10. Soya Chunks Salad

This Soya Chunks Salad combines tender soya chunks with vegetables and a tangy dressing. This makes it the perfect light meal or healthy snack.

Ingredients:

  • 1 cup – Fortune Soya chunks
  • 1 medium – Onion (cut into chunks)
  • 1 medium – Capsicum (cut into chunks)
  • 1 medium – Carrot (cut into cubes)
  • 6-7 – Button mushrooms (quartered)
  • 1 – Gherkin (roughly chopped)
  • 4-5 slices – Pickled jalapeños (roughly chopped)
  • A handful of sweet corn kernels
  • A handful of olives
  • ½ cup of salad leaves (such as iceberg lettuce or lollo rosso)
  • Baked bread croutons (optional)
  • 5 tablespoons – Hung yoghurt
  • 1 tablespoon – Mustard sauce
  • 1 tablespoon of low-fat mayonnaise
  • 1 teaspoon – Low-fat cheese spread (any flavour)
  • 2 teaspoons of tomato ketchup
  • 2 teaspoons – Red chilli sauce
  • Salt to taste
  • White pepper powder to taste

Recipe:

  1. Prepare Soya Chunks: Soak 1 cup of soya chunks in lukewarm water for about an hour.
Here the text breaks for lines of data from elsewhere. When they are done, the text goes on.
(* Let $G\in\mathcal{RG}^{{\underline{\kappa}},*}_{g,n}$ be a non-bipartite ribbon graph. Then: (1) $\operatorname{vp}_G:\mathbb R^{E(G)}\to\mathbb R^n$ is surjective; (2) for every $\underline b\in\mathbb R^n$, $\operatorname{vp}_G^{-1}(\underline b)$ is an affine subspace of $\mathbb R^{E(G)}$ of dimension $|E(G)|-|V(G)|$; (3) regarding the coordinates $w(e)$ as affine functions on $\operatorname{vp}_G^{-1}(\underline b)$, for every $e\in S(G)$ the function $w(e)$ is constant equal to $f_e(\underline b)$, and for every $e\in E(G)\setminus S(G)$ it is non-constant; (4) if $\underline b\in\mathbb Z^n$ and $b_1+\dots+b_n\equiv0\pmod 2$, then $\operatorname{vp}_G^{-1}(\underline b)\cap\mathbb Z^{E(G)}$ is a lattice in $\operatorname{vp}_G^{-1}(\underline b)$; otherwise it is empty.
   Context: Ribbon graph: finite graph (loops, multiple edges allowed) with cyclic order of half-edges at each vertex, determining faces and genus. For ${\underline{\kappa}}$ a partition with odd parts, $\mathcal{RG}^{{\underline{\kappa}},*}_{g,n}$: isomorphism classes of connected ribbon graphs of genus $g$ with $n$ labeled vertices and face degrees ${\underline{\kappa}}$. Weight function $w:E(G)\to\mathbb R$; $\operatorname{vp}_G(w)_v=\sum_e a_{ve}w(e)$, $a_{ve}=2$ for a loop at $v$, $1$ for a non-loop edge at $v$, $0$ otherwise. For non-bipartite $G$, $e$ is static if some component of $G-e$ is bipartite; $S(G)$ the static edges. For $e\in S(G)$, $f_e$ is the linear function on $\mathbb R^n$: if $e$ is a bridge, with $I,J$ the labels of the two color classes of the bipartite component of $G-e$, $e$ incident to the class $I$, $f_e(\underline b)=\sum_{I}b_i-\sum_Jb_j$; if $e$ is not a bridge ($G-e$ connected bipartite, both endpoints of $e$ in class $I$), $f_e(\underline b)=\tfrac12(\sum_Ib_i-\sum_Jb_j)$. *)

theory Defs
  imports "HOL-Analysis.Analysis" "HOL-Library.Multiset"
begin

text \<open>Edges are the elements of a finite type 'e; the half-edges
(darts) are the pairs (e, s) with s :: bool, and the edge involution swaps the two
halves of an edge.  The cyclic orders at the vertices are given by a permutation
rho of the darts; the vertices are the rho-orbits, labelled by the elements of
a finite type 'v (so n = CARD('v)) via the map vert.\<close>

definition alpha :: "'e \<times> bool \<Rightarrow> 'e \<times> bool" where
  "alpha d = (fst d, \<not> snd d)"

definition ends :: "('e \<times> bool \<Rightarrow> 'v) \<Rightarrow> 'e \<Rightarrow> 'v \<times> 'v" where
  "ends vert e = (vert (e, True), vert (e, False))"

definition ribbon_vertices :: "('e \<times> bool \<Rightarrow> 'e \<times> bool) \<Rightarrow> ('e \<times> bool \<Rightarrow> 'v) \<Rightarrow> bool" where
  "ribbon_vertices rho vert \<longleftrightarrow> bij rho \<and> surj vert \<and>
     (\<forall>d d'. vert d = vert d' \<longleftrightarrow> (\<exists>k. (rho ^^ k) d = d'))"

definition face_orbit :: "('e \<times> bool \<Rightarrow> 'e \<times> bool) \<Rightarrow> 'e \<times> bool \<Rightarrow> ('e \<times> bool) set" where
  "face_orbit rho d = {((rho \<circ> alpha) ^^ k) d | k. True}"

definition faces :: "('e \<times> bool \<Rightarrow> 'e \<times> bool) \<Rightarrow> ('e \<times> bool) set set" where
  "faces rho = range (face_orbit rho)"

definition face_degrees :: "('e \<times> bool \<Rightarrow> 'e \<times> bool) \<Rightarrow> nat multiset" where
  "face_degrees rho = image_mset card (mset_set (faces rho))"

definition edge_rel :: "('e \<times> bool \<Rightarrow> 'v) \<Rightarrow> 'e set \<Rightarrow> ('v \<times> 'v) set" where
  "edge_rel vert F = {(x, y). \<exists>e\<in>F. (x, y) = ends vert e \<or> (y, x) = ends vert e}"

definition graph_connected :: "('e \<times> bool \<Rightarrow> 'v) \<Rightarrow> bool" where
  "graph_connected vert \<longleftrightarrow> (\<forall>u v. (u, v) \<in> (edge_rel vert UNIV)\<^sup>*)"

definition is_component :: "('e \<times> bool \<Rightarrow> 'v) \<Rightarrow> 'e set \<Rightarrow> 'v set \<Rightarrow> bool" where
  "is_component vert F C \<longleftrightarrow> (\<exists>u. C = {v. (u, v) \<in> (edge_rel vert F)\<^sup>*})"

definition proper_2col :: "('e \<times> bool \<Rightarrow> 'v) \<Rightarrow> 'e set \<Rightarrow> 'v set \<Rightarrow> 'v set \<Rightarrow> 'v set \<Rightarrow> bool" where
  "proper_2col vert F C I J \<longleftrightarrow> I \<union> J = C \<and> I \<inter> J = {} \<and>
     (\<forall>e\<in>F. fst (ends vert e) \<in> C \<or> snd (ends vert e) \<in> C \<longrightarrow>
        (fst (ends vert e) \<in> I \<and> snd (ends vert e) \<in> J) \<or>
        (fst (ends vert e) \<in> J \<and> snd (ends vert e) \<in> I))"

definition bipartite :: "('e \<times> bool \<Rightarrow> 'v) \<Rightarrow> bool" where
  "bipartite vert \<longleftrightarrow> (\<exists>I J. proper_2col vert UNIV UNIV I J)"

definition static_edge :: "('e \<times> bool \<Rightarrow> 'v) \<Rightarrow> 'e \<Rightarrow> bool" where
  "static_edge vert e \<longleftrightarrow>
     (\<exists>C I J. is_component vert (- {e}) C \<and> proper_2col vert (- {e}) C I J)"

definition static_data :: "('e \<times> bool \<Rightarrow> 'v) \<Rightarrow> 'e \<Rightarrow> 'v set \<Rightarrow> 'v set \<Rightarrow> 'v set \<Rightarrow> bool" where
  "static_data vert e C I J \<longleftrightarrow> is_component vert (- {e}) C \<and> proper_2col vert (- {e}) C I J \<and>
     (fst (ends vert e) \<in> I \<or> snd (ends vert e) \<in> I)"

text \<open>f_e: bridge case when C is not everything (G - e disconnected), otherwise
G - e is connected bipartite and the value is halved.\<close>
definition f_e :: "('e \<times> bool \<Rightarrow> 'v) \<Rightarrow> 'e \<Rightarrow> real ^ 'v \<Rightarrow> real" where
  "f_e vert e b = (let (C, I, J) = (SOME (C, I, J). static_data vert e C I J) in
     if C = UNIV then ((\<Sum>i\<in>I. b $ i) - (\<Sum>j\<in>J. b $ j)) / 2
     else (\<Sum>i\<in>I. b $ i) - (\<Sum>j\<in>J. b $ j))"

definition vp :: "('e::finite \<times> bool \<Rightarrow> 'v) \<Rightarrow> real ^ 'e \<Rightarrow> real ^ 'v" where
  "vp vert w = (\<chi> v. \<Sum>e\<in>UNIV. real (card {s. vert (e, s) = v}) * w $ e)"

definition in_RG :: "nat multiset \<Rightarrow> nat \<Rightarrow> ('e::finite \<times> bool \<Rightarrow> 'e \<times> bool) \<Rightarrow> ('e \<times> bool \<Rightarrow> 'v::finite) \<Rightarrow> bool" where
  "in_RG kappa g rho vert \<longleftrightarrow> ribbon_vertices rho vert \<and> graph_connected vert \<and>
     face_degrees rho = kappa \<and>
     int CARD('v) - int CARD('e) + int (card (faces rho)) = 2 - 2 * int g"

definition int_points :: "(real ^ 'e) set" where
  "int_points = {w. \<forall>e. w $ e \<in> \<int>}"

definition lattice_in :: "'a::euclidean_space set \<Rightarrow> 'a set \<Rightarrow> bool" where
  "lattice_in L A \<longleftrightarrow> (\<exists>x0 B. x0 \<in> A \<and> finite B \<and> independent B \<and>
     span B = (\<lambda>y. y - x0) ` A \<and>
     L = {x0 + (\<Sum>v\<in>B. of_int (c v) *\<^sub>R v) | c. True})"

end

theory Submission
  imports Defs "HOL-Computational_Algebra.Group_Closure"
begin

(* vp is the adjoint of the map endpoint_sum sending a vertex function c to the edge function
   e |-> c(s e) + c(t e). If c(s e) + c(t e) vanishes for all edges e in F, then along F-paths
   from u the value of c is c(u) or -c(u), so c(u) <> 0 properly 2-colours the F-component
   of u. With F = E on a connected non-bipartite graph, endpoint_sum is injective: vp is onto
   and its fibres have dimension |E| - |V|. The coordinate w(e) is constant on the fibres iff
   the unit vector at e lies in the range of endpoint_sum, and then the same argument with
   F = E - {e} makes e static; for a static edge, pairing vp w = b with the +1/-1 vector of
   the colouring of G - e isolates w(e).
   Running the colouring argument modulo the group vp(Z^E) shows that it contains e_x - e_u
   and 2 e_u, hence every integral vector of even sum. The integral points of the kernel of vp
   span it, since the kernel is cut out by integral equations, and they form a free abelian
   group; so the integral points of a fibre form a lattice in it. *)

definition endpoint_sum :: "('e::finite \<times> bool \<Rightarrow> 'v::finite) \<Rightarrow> real ^ 'v \<Rightarrow> real ^ 'e" where
  "endpoint_sum vert c = (\<chi> e. c $ vert (e, True) + c $ vert (e, False))"

lemma card_darts_at:
  "real (card {s. vert (e, s) = v}) = of_bool (vert (e, True) = v) + of_bool (vert (e, False) = v)"
proof -
  have "{s. vert (e, s) = v} = (if vert (e, True) = v then {True} else {}) \<union>
      (if vert (e, False) = v then {False} else {})"
    by (auto split: if_splits) (metis (full_types))+
  then show ?thesis by (auto split: if_splits)
qed

lemma sum_card_darts_at:
  "(\<Sum>v\<in>UNIV. c $ v * real (card {s. vert (e, s) = v})) = c $ vert (e, True) + c $ vert (e, False)"
  by (simp add: card_darts_at distrib_left sum.distrib of_bool_def if_distrib[of "\<lambda>x. c $ _ * x"]
      sum.delta cong: if_cong)

lemma inner_vp: "c \<bullet> vp vert w = endpoint_sum vert c \<bullet> w"
proof -
  have "c \<bullet> vp vert w = (\<Sum>v\<in>UNIV. \<Sum>e\<in>UNIV. w $ e * (c $ v * real (card {s. vert (e, s) = v})))"
    by (simp add: inner_vec_def vp_def sum_distrib_left mult_ac)
  also have "\<dots> = (\<Sum>e\<in>UNIV. w $ e * (\<Sum>v\<in>UNIV. c $ v * real (card {s. vert (e, s) = v})))"
    by (subst sum.swap) (simp add: sum_distrib_left)
  also have "\<dots> = endpoint_sum vert c \<bullet> w"
    by (simp add: sum_card_darts_at inner_vec_def endpoint_sum_def mult_ac)
  finally show ?thesis .
qed

lemma linear_vp: "linear (vp vert)"
  by (rule linearI) (simp_all add: vec_eq_iff vp_def sum.distrib sum_distrib_left algebra_simps)

lemma adjoint_endpoint_sum: "adjoint (endpoint_sum vert) = vp vert"
  by (rule adjoint_unique) (simp add: inner_vp)

lemma adjoint_vp: "adjoint (vp vert) = endpoint_sum vert"
proof (rule adjoint_unique, intro allI)
  fix w c
  have "vp vert w \<bullet> c = endpoint_sum vert c \<bullet> w"
    by (subst inner_commute) (rule inner_vp)
  then show "vp vert w \<bullet> c = w \<bullet> endpoint_sum vert c"
    by (simp only: inner_commute)
qed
Drain and boil them in salted water for 8-10 minutes. Once done, drain, calm, and squeeze out the excess water.
  2. Prepare Vegetables: Chop all the vegetables as specified and set them aside.
  3. Make the Dressing: In a bowl, combine five tablespoons of hung yoghurt, one tablespoon of mustard sauce, one tablespoon of low-fat mayonnaise, one teaspoon of low-fat cheese spread, two teaspoons of tomato ketchup, two teaspoons of red chilli sauce, salt, and white pepper powder. Mix well and refrigerate the dressing to chill.
  4. Stir-Fry Soya Chunks: Heat a pan over a high flame. Add the soaked soya chunks and stir-fry for 2-3 minutes until they turn light golden brown. Remove and set aside.
  5. Sauté Vegetables: In the same pan, on high flame, sauté the onions and capsicum for about 20 seconds and transfer them to a bowl. Next, add the carrots and sauté for a minute before removing them. Finally, ensure the pan is hot, add the mushrooms, and sauté for just 30 seconds before removing them.
  6. Assemble the Salad: Cool the sautéed vegetables and combine them in a bowl. Add salad leaves, sweet corn, olives, gherkin, and pickled jalapeños. Add the stir-fried soya chunks to the mix. 
  7. Salad Dressing: Pour the chilled dressing over the salad and toss it gently to ensure even coating. Sprinkle baked bread croutons on top if desired.

This Soya Chunks Salad is a delightful blend of textures and flavours. It offers a nutritious option that’s both satisfying and light. It’s perfect for those seeking a protein-rich meal without compromising on taste.

This protein day, welcome the goodness of protein on your plate!